What is being asked:
Reproduce word for word the lines between those holding "(\<lambda>i. 0 *" and "using Ogroup_bform[OF AO assms(3,3)]", inclusive, and nothing else from the data below.

(Dataset entries)
(* Let $\lambda\in X^+$ be a $p$-core. Let $\alpha=\varepsilon_i+\varepsilon_j$ with $1\le i<j\le l(\lambda)$ and integers $a,l\ge1$ with $\langle\lambda+\rho,\alpha^\vee\rangle=a+lp$, $(\lambda+\rho)_j-a>0$ and $\chi(s_{\alpha,l}\cdot\lambda)\ne0$. Then the entries of $s_{\alpha,l}(\lambda+\rho)$ are distinct and strictly positive. Put $\mu_\alpha=\mathrm{sort}(s_{\alpha,l}(\lambda+\rho))-\rho$. Then $\mu_\alpha$ is a partition with $\mu_\alpha\subsetneq\lambda$, and $\mu_\alpha$ is conjugate to $\lambda$ under the dot action of $W_p(D_{l(\lambda)})$. Furthermore, the map $(\alpha,l)\mapsto\mu_\alpha$, defined on the set of all such pairs $(\alpha,l)$, is injective.
   Context: Setup: $p>2$ is a prime, $m\ge1$, weight lattice $X=\mathbb Z^m$ of $\mathrm{Sp}_{2m}$ with standard basis $\varepsilon_i$, standard inner product, $\alpha^\vee=2\alpha/\langle\alpha,\alpha\rangle$. $X^+=\{\lambda\in\mathbb Z^m:\lambda_1\ge\dots\ge\lambda_m\ge0\}$ (partitions with at most $m$ parts); $l(\lambda)$ is the number of nonzero entries. $\rho=(m,m-1,\dots,1)$. $s_{\alpha,l}(x)=x-(\langle x,\alpha^\vee\rangle-lp)\alpha$, $w\cdot x=w(x+\rho)-\rho$. $\chi(\mu)$ is the Weyl character; $\chi(\mu)=0$ iff some entry of $\mu+\rho$ is $0$ or two entries are equal up to sign. A $p$-core is $\lambda\in X^+$ such that for all $i$ and all integers $l\ge1$ with $(\lambda+\rho)_i-lp>0$, the number $(\lambda+\rho)_i-lp$ occurs as an entry of $\lambda+\rho$. $\mathrm{sort}(\mu)$ is the weakly decreasing rearrangement of $\mu\in\mathbb Z^m$; $\mu\subseteq\nu$ means $\mu_i\le\nu_i$ for all $i$. For $1\le t\le m$, $W_p(D_t)$ is the group of affine transformations of $\mathbb R^m$ generated by the $s_{\alpha,l}$ with $\alpha=\varepsilon_i\pm\varepsilon_j$, $1\le i<j\le t$, $l\in\mathbb Z$. *)

theory Defs
  imports Main "HOL-Computational_Algebra.Primes"
begin

(* Weights in X = Z^m are int lists of length m; entry k (0-based) is the
   coefficient of epsilon_(k+1). *)

definition vadd :: "int list \<Rightarrow> int list \<Rightarrow> int list" where
  "vadd x y = map2 (+) x y"

definition vsub :: "int list \<Rightarrow> int list \<Rightarrow> int list" where
  "vsub x y = map2 (-) x y"

definition smul :: "int \<Rightarrow> int list \<Rightarrow> int list" where
  "smul c x = map ((*) c) x"

definition winner :: "int list \<Rightarrow> int list \<Rightarrow> int" where
  "winner x y = sum_list (map2 (*) x y)"

(* <x, alpha^vee> with alpha^vee = 2 alpha / <alpha,alpha>; integral for roots of C_m *)
definition coroot_pair :: "int list \<Rightarrow> int list \<Rightarrow> int" where
  "coroot_pair x \<alpha> = (2 * winner x \<alpha>) div winner \<alpha> \<alpha>"

definition refl_aff :: "nat \<Rightarrow> int list \<Rightarrow> int \<Rightarrow> int list \<Rightarrow> int list" where
  "refl_aff p \<alpha> l x = vsub x (smul (coroot_pair x \<alpha> - l * int p) \<alpha>)"

definition eps :: "nat \<Rightarrow> nat \<Rightarrow> int list" where
  "eps m i = map (\<lambda>k. if k = i then 1 else 0) [0..<m]"

definition rho :: "nat \<Rightarrow> int list" where
  "rho m = map (\<lambda>k. int (m - k)) [0..<m]"

definition dot :: "(int list \<Rightarrow> int list) \<Rightarrow> int list \<Rightarrow> nat \<Rightarrow> int list" where
  "dot w x m = vsub (w (vadd x (rho m))) (rho m)"

definition dominant :: "nat \<Rightarrow> int list \<Rightarrow> bool" where
  "dominant m lam \<longleftrightarrow> length lam = m \<and> sorted_wrt (\<ge>) lam \<and> (\<forall>x\<in>set lam. 0 \<le> x)"

definition lpart :: "int list \<Rightarrow> nat" where
  "lpart lam = length (filter (\<lambda>x. x \<noteq> 0) lam)"

(* chi(mu) = 0 iff some entry of mu+rho is 0 or two entries are equal up to sign *)
definition weyl_char_zero :: "nat \<Rightarrow> int list \<Rightarrow> bool" where
  "weyl_char_zero m \<mu> \<longleftrightarrow>
     (let v = vadd \<mu> (rho m) in
       (\<exists>i<m. v ! i = 0) \<or> (\<exists>i<m. \<exists>j<m. i \<noteq> j \<and> \<bar>v ! i\<bar> = \<bar>v ! j\<bar>))"

definition p_core :: "nat \<Rightarrow> nat \<Rightarrow> int list \<Rightarrow> bool" where
  "p_core p m lam \<longleftrightarrow> dominant m lam \<and>
     (let v = vadd lam (rho m) in
       \<forall>i<m. \<forall>l::int. l \<ge> 1 \<longrightarrow> v ! i - l * int p > 0 \<longrightarrow> v ! i - l * int p \<in> set v)"

definition sort_desc :: "int list \<Rightarrow> int list" where
  "sort_desc xs = rev (sort xs)"

definition wsubseteq :: "int list \<Rightarrow> int list \<Rightarrow> bool" where
  "wsubseteq \<mu> \<nu> \<longleftrightarrow> list_all2 (\<le>) \<mu> \<nu>"

(* The generators are involutions, so closure under composition with generators
   (starting from the identity) is the generated group. *)
inductive_set WpD :: "nat \<Rightarrow> nat \<Rightarrow> nat \<Rightarrow> (int list \<Rightarrow> int list) set"
  for p :: nat and m :: nat and t :: nat where
  WpD_id: "id \<in> WpD p m t"
| WpD_step: "\<lbrakk> w \<in> WpD p m t; i < j; j < t;
              \<alpha> = vadd (eps m i) (eps m j) \<or> \<alpha> = vsub (eps m i) (eps m j) \<rbrakk>
             \<Longrightarrow> refl_aff p \<alpha> l \<circ> w \<in> WpD p m t"

end

theory Submission
  imports Defs
begin

text \<open>Write \<open>v = \<lambda> + \<rho>\<close>: a strictly decreasing list of positive integers whose entries beyond
  position \<open>l(\<lambda>)\<close> are \<open>m - l(\<lambda>), \<dots>, 1\<close>. For \<open>\<alpha> = \<epsilon>\<^sub>i + \<epsilon>\<^sub>j\<close> the reflection \<open>s\<^sub>\<alpha>\<^sub>,\<^sub>l\<close> lowers \<open>v\<^sub>i\<close>
  and \<open>v\<^sub>j\<close> by \<open>a\<close> and fixes the other entries; \<open>\<chi> \<noteq> 0\<close> makes the result distinct and
  \<open>v\<^sub>j - a > 0\<close> makes it positive. Its tail still fills \<open>1, \<dots>, m - l(\<lambda>)\<close>, so sorting only permutes
  the first \<open>l(\<lambda>)\<close> coordinates, which the reflections in \<open>\<epsilon>\<^sub>i - \<epsilon>\<^sub>j\<close> do; hence \<open>\<mu>\<^sub>\<alpha>\<close> lies in
  the dot orbit of \<open>\<lambda>\<close>. Sorting a list dominated entrywise by the decreasing \<open>v\<close> keeps it
  dominated, which gives \<open>\<mu>\<^sub>\<alpha> \<subseteq> \<lambda>\<close>, and the entry sum drops by \<open>2a\<close>, so \<open>\<mu>\<^sub>\<alpha> \<noteq> \<lambda>\<close>.
  Finally the set of entries recovers \<open>(i, j, a)\<close>, and \<open>l\<close> is then fixed by
  \<open>\<langle>v, \<alpha>\<^sup>\<vee>\<rangle> = a + l p\<close>.\<close>

section \<open>Coordinates and reflections\<close>

lemma length_vadd [simp]: "length (vadd x y) = min (length x) (length y)"
  by (simp add: vadd_def)
lemma boost_fixing_e0_plus_e1:
  assumes "3 \<le> d" "c \<noteq> 0" "\<epsilon> \<in> {-1, 1}"
  shows "moves_fixing_e0_plus_e1 d (\<lambda>i. c * (\<epsilon> * basis_e (d - 1) i + basis_e d i))
    (\<lambda>i. sgn c * (\<epsilon> * basis_e (d - 1) i + basis_e d i))"
proof -
  have d1: "1 \<le> d" and nd: "1 < d" "d - 1 \<noteq> 0" "d - 1 \<noteq> 1" "d - 1 \<noteq> d" "0 < d - 1" "d - 1 < d"
    using assms(1) by auto
  have "(\<lambda>i. \<epsilon> * basis_e (d - 1) i) \<in> Evec d" "bform d (basis_e d) (basis_e d) = 1"
    "bform d (\<lambda>i. \<epsilon> * basis_e (d - 1) i) (\<lambda>i. \<epsilon> * basis_e (d - 1) i) = -1"
    "bform d (basis_e d) (\<lambda>i. \<epsilon> * basis_e (d - 1) i) = 0" "0 < 1 / \<bar>c\<bar>"
    using assms(2,3) nd by auto
  then obtain M where M: "M \<in> G0 d"
    "mapply d M (\<lambda>i. basis_e d i + \<epsilon> * basis_e (d - 1) i)
      = (\<lambda>i. 1 / \<bar>c\<bar> * (basis_e d i + \<epsilon> * basis_e (d - 1) i))"
    and M_fix: "\<forall>x\<in>Evec d. bform d (basis_e d) x = 0 \<and> bform d (\<lambda>i. \<epsilon> * basis_e (d - 1) i) x = 0
      \<longrightarrow> mapply d M x = x"
    using boost_in_G0[OF d1 basis_e_in_Evec[OF order_refl]] by blast
  have swap: "(\<lambda>i. \<epsilon> * basis_e (d - 1) i + basis_e d i) = (\<lambda>i. basis_e d i + \<epsilon> * basis_e (d - 1) i)"
    by (simp add: add.commute)
  have "mapply d M (\<lambda>i. c * (\<epsilon> * basis_e (d - 1) i + basis_e d i))
      = (\<lambda>i. c * (1 / \<bar>c\<bar> * (basis_e d i + \<epsilon> * basis_e (d - 1) i)))"
    unfolding mapply_linear(3) swap M(2) ..
  also have "\<dots> = (\<lambda>i. sgn c * (\<epsilon> * basis_e (d - 1) i + basis_e d i))"
  proof -
    have "c * (1 / \<bar>c\<bar>) = sgn c"
      using assms(2) by (simp add: sgn_if abs_if)
    then show ?thesis
      by (metis add.commute mult.assoc)
  qed
  finally have Mm: "mapply d M (\<lambda>i. c * (\<epsilon> * basis_e (d - 1) i + basis_e d i))
      = (\<lambda>i. sgn c * (\<epsilon> * basis_e (d - 1) i + basis_e d i))" .
  have "mapply d M (\<lambda>i. basis_e 0 i + basis_e 1 i) = (\<lambda>i. basis_e 0 i + basis_e 1 i)"
    using M_fix nd by simp
  then show ?thesis
    unfolding moves_fixing_e0_plus_e1_def using M(1) Mm by (intro bexI[of _ M]) simp_all
qed

lemma null_vector_orthogonal_to_e0_plus_e1_normal_form:
  assumes "3 \<le> d" "b \<in> Evec d" "bform d b b = 0"
    and "bform d (\<lambda>i. basis_e 0 i + basis_e 1 i) b = 0"
    and "\<forall>\<beta>. b \<noteq> (\<lambda>i. \<beta> * (basis_e 0 i + basis_e 1 i))"
  shows "\<exists>s\<in>{-1, 1::real}. \<exists>\<epsilon>\<in>{-1, 1::real}.
    moves_fixing_e0_plus_e1 d b (\<lambda>i. s * (\<epsilon> * basis_e (d - 1) i + basis_e d i))"
proof -
  define \<beta> where "\<beta> = b 0"
  define v where "v = (\<lambda>i. b i - \<beta> * (basis_e 0 i + basis_e 1 i))"
  have "b 1 = \<beta>"
    using assms(1,4) unfolding \<beta>_def by simp
  then have vE: "v \<in> Evec d" and v_coords: "v 0 = 0" "v 1 = 0" "v d = b d"
    and vv: "bform d v v = 0"
    unfolding v_def \<beta>_def using assms(1-4) by simp_all
  have "b d \<noteq> 0"
  proof
    assume "b d = 0"
    then have "v = (\<lambda>i. 0)"
      using null_eq_0_if_pos_coords_0[OF vE vv] v_coords by simp
    then have "b = (\<lambda>i. \<beta> * (basis_e 0 i + basis_e 1 i))"
      unfolding v_def by (simp add: fun_eq_iff)
    then show False
      using assms(5) by blast
  qed
  have b_v: "moves_fixing_e0_plus_e1 d b v"
    using null_rotation_clears_e0_plus_e1_component[OF _ assms(2,4) \<open>b d \<noteq> 0\<close>] assms(1)
    unfolding v_def \<beta>_def by simp
  obtain \<epsilon> where \<epsilon>: "\<epsilon> \<in> {-1, 1}"
    and v_m: "moves_fixing_e0_plus_e1 d v (\<lambda>i. b d * (\<epsilon> * basis_e (d - 1) i + basis_e d i))"
    using null_vector_rotation_fixing_e0_plus_e1[OF assms(1) vE vv v_coords(1,2)] \<open>b d \<noteq> 0\<close>
    unfolding v_coords(3) by blast
  have "sgn (b d) \<in> {-1, 1}"
    using \<open>b d \<noteq> 0\<close> by (simp add: sgn_if)
  then show ?thesis
    using moves_fixing_e0_plus_e1_trans[OF moves_fixing_e0_plus_e1_trans[OF b_v v_m]
        boost_fixing_e0_plus_e1[OF assms(1) \<open>b d \<noteq> 0\<close> \<epsilon>]] \<epsilon>
    by blast
qed

lemma isotropic_pair_normal_form:
  assumes "3 \<le> d" "a \<in> Evec d" "b \<in> Evec d"
    and indep: "\<forall>\<alpha> \<beta>. (\<lambda>i. \<alpha> * a i + \<beta> * b i) = (\<lambda>i. 0) \<longrightarrow> \<alpha> = 0 \<and> \<beta> = 0"
    and "bform d a a = 0" "bform d b b = 0" "bform d a b = 0"
  shows "\<exists>L\<in>G0 d. mapply d L a = (\<lambda>i. basis_e 0 i + basis_e 1 i)
    \<and> (\<exists>s\<in>{-1, 1::real}. \<exists>\<epsilon>\<in>{-1, 1::real}.
          mapply d L b = (\<lambda>i. s * (\<epsilon> * basis_e (d - 1) i + basis_e d i)))"
proof -
  have "a \<noteq> (\<lambda>i. 0)"
    using indep[rule_format, of 1 0] by auto
  then obtain A where A: "A \<in> G0 d" "mapply d A a = (\<lambda>i. basis_e 0 i + basis_e 1 i)"
    using null_vector_to_e0_plus_e1[OF assms(1,2,5)] by blast
  have AO: "A \<in> Ogroup d"
    using A(1) G0_subset_Ogroup by blast
  have "\<forall>\<beta>. mapply d A b \<noteq> (\<lambda>i. \<beta> * (basis_e 0 i + basis_e 1 i))"
  proof (intro allI notI)
    fix \<beta> assume "mapply d A b = (\<lambda>i. \<beta> * (basis_e 0 i + basis_e 1 i))"
    then have "b = (\<lambda>i. 0 * b i + \<beta> * a i)"
      using Ogroup_preimage_of_lincomb[OF _ AO assms(3,3,2), of 0 \<beta>] assms(1) A(2) by simp
    then show False
      using indep[rule_format, of "- \<beta>" 1] by (simp add: fun_eq_iff)
  qed
  moreover have "mapply d A b \<in> Evec d"
    using AO by (simp add: Ogroup_def mapply_in_Evec)
  moreover have "bform d (mapply d A b) (mapply d A b) = 0"
    using Ogroup_bform[OF AO assms(3,3)] assms(6) by simp
  moreover have "bform d (\<lambda>i. basis_e 0 i + basis_e 1 i) (mapply d A b) = 0"
    using Ogroup_bform[OF AO assms(2,3)] A(2) assms(7) by simp
  ultimately obtain s \<epsilon> B where "s \<in> {-1, 1}" "\<epsilon> \<in> {-1, 1}" "B \<in> G0 d"
      "mapply d B (\<lambda>i. basis_e 0 i + basis_e 1 i) = (\<lambda>i. basis_e 0 i + basis_e 1 i)"
      "mapply d B (mapply d A b) = (\<lambda>i. s * (\<epsilon> * basis_e (d - 1) i + basis_e d i))"
    using null_vector_orthogonal_to_e0_plus_e1_normal_form[OF assms(1)]
    unfolding moves_fixing_e0_plus_e1_def by blast
  then show ?thesis
    using A G0_mmul by (intro bexI[of _ "mmul d B A"]) (auto simp: mapply_mmul)
qed

text \<open>Subtracting \<open>x\<^sub>0 (e\<^sub>0 + e\<^sub>1) + x\<^sub>d (\<epsilon> e\<^sub>d\<^sub>-\<^sub>1 + e\<^sub>d)\<close> from \<open>x\<close> leaves a null vector
  whose \<open>e\<^sub>0\<close>- and \<open>e\<^sub>d\<close>-coordinates vanish.\<close>
lemma null_orthogonal_to_normal_pair_in_span:
  assumes "3 \<le> d" "x \<in> Evec d" "bform d x x = 0" "s \<in> {-1, 1}" "\<epsilon> \<in> {-1, 1}"
    and "bform d x (\<lambda>i. basis_e 0 i + basis_e 1 i) = 0"
    and "bform d x (\<lambda>i. s * (\<epsilon> * basis_e (d - 1) i + basis_e d i)) = 0"
  shows "\<exists>\<alpha> \<beta>. x = (\<lambda>i. \<alpha> * (basis_e 0 i + basis_e 1 i)
    + \<beta> * (s * (\<epsilon> * basis_e (d - 1) i + basis_e d i)))"
proof -
  define n where "n = (\<lambda>i. basis_e 0 i + basis_e 1 i)"
  define m where "m = (\<lambda>i. s * (\<epsilon> * basis_e (d - 1) i + basis_e d i))"
  define \<alpha> where "\<alpha> = x 0"
  define \<beta> where "\<beta> = s * x d"
  define y where "y = (\<lambda>i. x i - (\<alpha> * n i + \<beta> * m i))"
  have nd: "1 \<le> d" "1 < d" "d - 1 \<noteq> 0" "d - 1 \<noteq> 1" "d - 1 \<noteq> d" "0 < d - 1" "d - 1 < d"
    using assms(1) by auto
  have nm: "bform d n n = 0" "bform d n m = 0" "bform d m n = 0"
    and coords: "n 0 = 1" "n d = 0" "m 0 = 0" "m d = s"
    unfolding n_def m_def using nd by simp_all
  have "bform d m m = 0"
    unfolding m_def using nd assms(4,5) by auto
  have "y = (\<lambda>i. 0)"
  proof (rule null_eq_0_if_pos_coords_0)
    show "y \<in> Evec d"
      unfolding y_def n_def m_def using assms(2) nd by simp
    show "bform d y y = 0"
      unfolding y_def using assms(3,6,7) nm \<open>bform d m m = 0\<close> unfolding n_def[symmetric] m_def[symmetric]
      by (simp add: bform_sym[of d n x] bform_sym[of d m x])
    show "y 0 = 0" "y d = 0"
      unfolding y_def \<alpha>_def \<beta>_def using coords assms(4) by auto
  qed
  then have "x = (\<lambda>i. \<alpha> * n i + \<beta> * m i)"
    unfolding y_def by (simp add: fun_eq_iff)
  then show ?thesis
    unfolding n_def m_def by blast
qed

lemma null_orthogonal_in_span_if_normal_form:
  assumes "3 \<le> d" "L \<in> Ogroup d" "a \<in> Evec d" "b \<in> Evec d" "s \<in> {-1, 1}" "\<epsilon> \<in> {-1, 1}"
    and La: "mapply d L a = (\<lambda>i. basis_e 0 i + basis_e 1 i)"
    and Lb: "mapply d L b = (\<lambda>i. s * (\<epsilon> * basis_e (d - 1) i + basis_e d i))"
    and "x \<in> Evec d" "bform d x a = 0" "bform d x b = 0" "bform d x x = 0"
  shows "\<exists>\<alpha> \<beta>. x = (\<lambda>i. \<alpha> * a i + \<beta> * b i)"
proof -
  have "mapply d L x \<in> Evec d"
    using assms(2) by (simp add: Ogroup_def mapply_in_Evec)
  moreover have "bform d (mapply d L x) (mapply d L x) = 0"
    "bform d (mapply d L x) (mapply d L a) = 0" "bform d (mapply d L x) (mapply d L b) = 0"
    using assms(3,4,9-12) by (simp_all add: Ogroup_bform[OF assms(2)])
  ultimately obtain \<alpha> \<beta> where "mapply d L x = (\<lambda>i. \<alpha> * mapply d L a i + \<beta> * mapply d L b i)"
    using null_orthogonal_to_normal_pair_in_span[OF assms(1) _ _ assms(5,6)] La Lb by metis
  then show ?thesis
    using Ogroup_preimage_of_lincomb[OF _ assms(2,9,3,4)] assms(1) by auto
qed

theorem lemma2:
  fixes d :: nat and a b :: "nat \<Rightarrow> real"
  assumes "d \<ge> 1"
    and "a \<in> Evec d" and "b \<in> Evec d"
    and "\<forall>\<alpha> \<beta>. (\<lambda>i. \<alpha> * a i + \<beta> * b i) = (\<lambda>i. 0) \<longrightarrow> \<alpha> = 0 \<and> \<beta> = 0"
    and "bform d a a = 0" and "bform d b b = 0" and "bform d a b = 0"
  shows "d + 1 \<ge> 4
    \<and> (\<exists>\<Lambda>\<in>G0 d. mapply d \<Lambda> a = (\<lambda>i. basis_e 0 i + basis_e 1 i)
         \<and> (\<exists>s\<in>{-1, 1::real}. \<exists>\<epsilon>\<in>{-1, 1::real}.
              mapply d \<Lambda> b = (\<lambda>i. s * (\<epsilon> * basis_e (d - 1) i + basis_e d i))))
    \<and> (\<forall>x\<in>Evec d. bform d x a = 0 \<and> bform d x b = 0 \<and> bform d x x = 0
         \<longrightarrow> (\<exists>\<alpha> \<beta>. x = (\<lambda>i. \<alpha> * a i + \<beta> * b i)))"
proof -
  have d3: "3 \<le> d"
    using three_le_dim_if_isotropic_plane[OF assms(2-7)] .
  then obtain L s \<epsilon> where L: "L \<in> G0 d" "mapply d L a = (\<lambda>i. basis_e 0 i + basis_e 1 i)"
    and s\<epsilon>: "s \<in> {-1, 1}" "\<epsilon> \<in> {-1, 1}"
    and Lb: "mapply d L b = (\<lambda>i. s * (\<epsilon> * basis_e (d - 1) i + basis_e d i))"
    using isotropic_pair_normal_form[OF _ assms(2-7)] by blast
  have "L \<in> Ogroup d"
    using L(1) G0_subset_Ogroup by blast
  then have "\<forall>x\<in>Evec d. bform d x a = 0 \<and> bform d x b = 0 \<and> bform d x x = 0
      \<longrightarrow> (\<exists>\<alpha> \<beta>. x = (\<lambda>i. \<alpha> * a i + \<beta> * b i))"
    using null_orthogonal_in_span_if_normal_form[OF d3 _ assms(2,3) s\<epsilon> L(2) Lb] by blast
  then show ?thesis
    using d3 L Lb s\<epsilon> by auto
qed

end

Output of the task:
    then have "b = (\<lambda>i. 0 * b i + \<beta> * a i)"
      using Ogroup_preimage_of_lincomb[OF _ AO assms(3,3,2), of 0 \<beta>] assms(1) A(2) by simp
    then show False
      using indep[rule_format, of "- \<beta>" 1] by (simp add: fun_eq_iff)
  qed
  moreover have "mapply d A b \<in> Evec d"
    using AO by (simp add: Ogroup_def mapply_in_Evec)
  moreover have "bform d (mapply d A b) (mapply d A b) = 0"
    using Ogroup_bform[OF AO assms(3,3)] assms(6) by simp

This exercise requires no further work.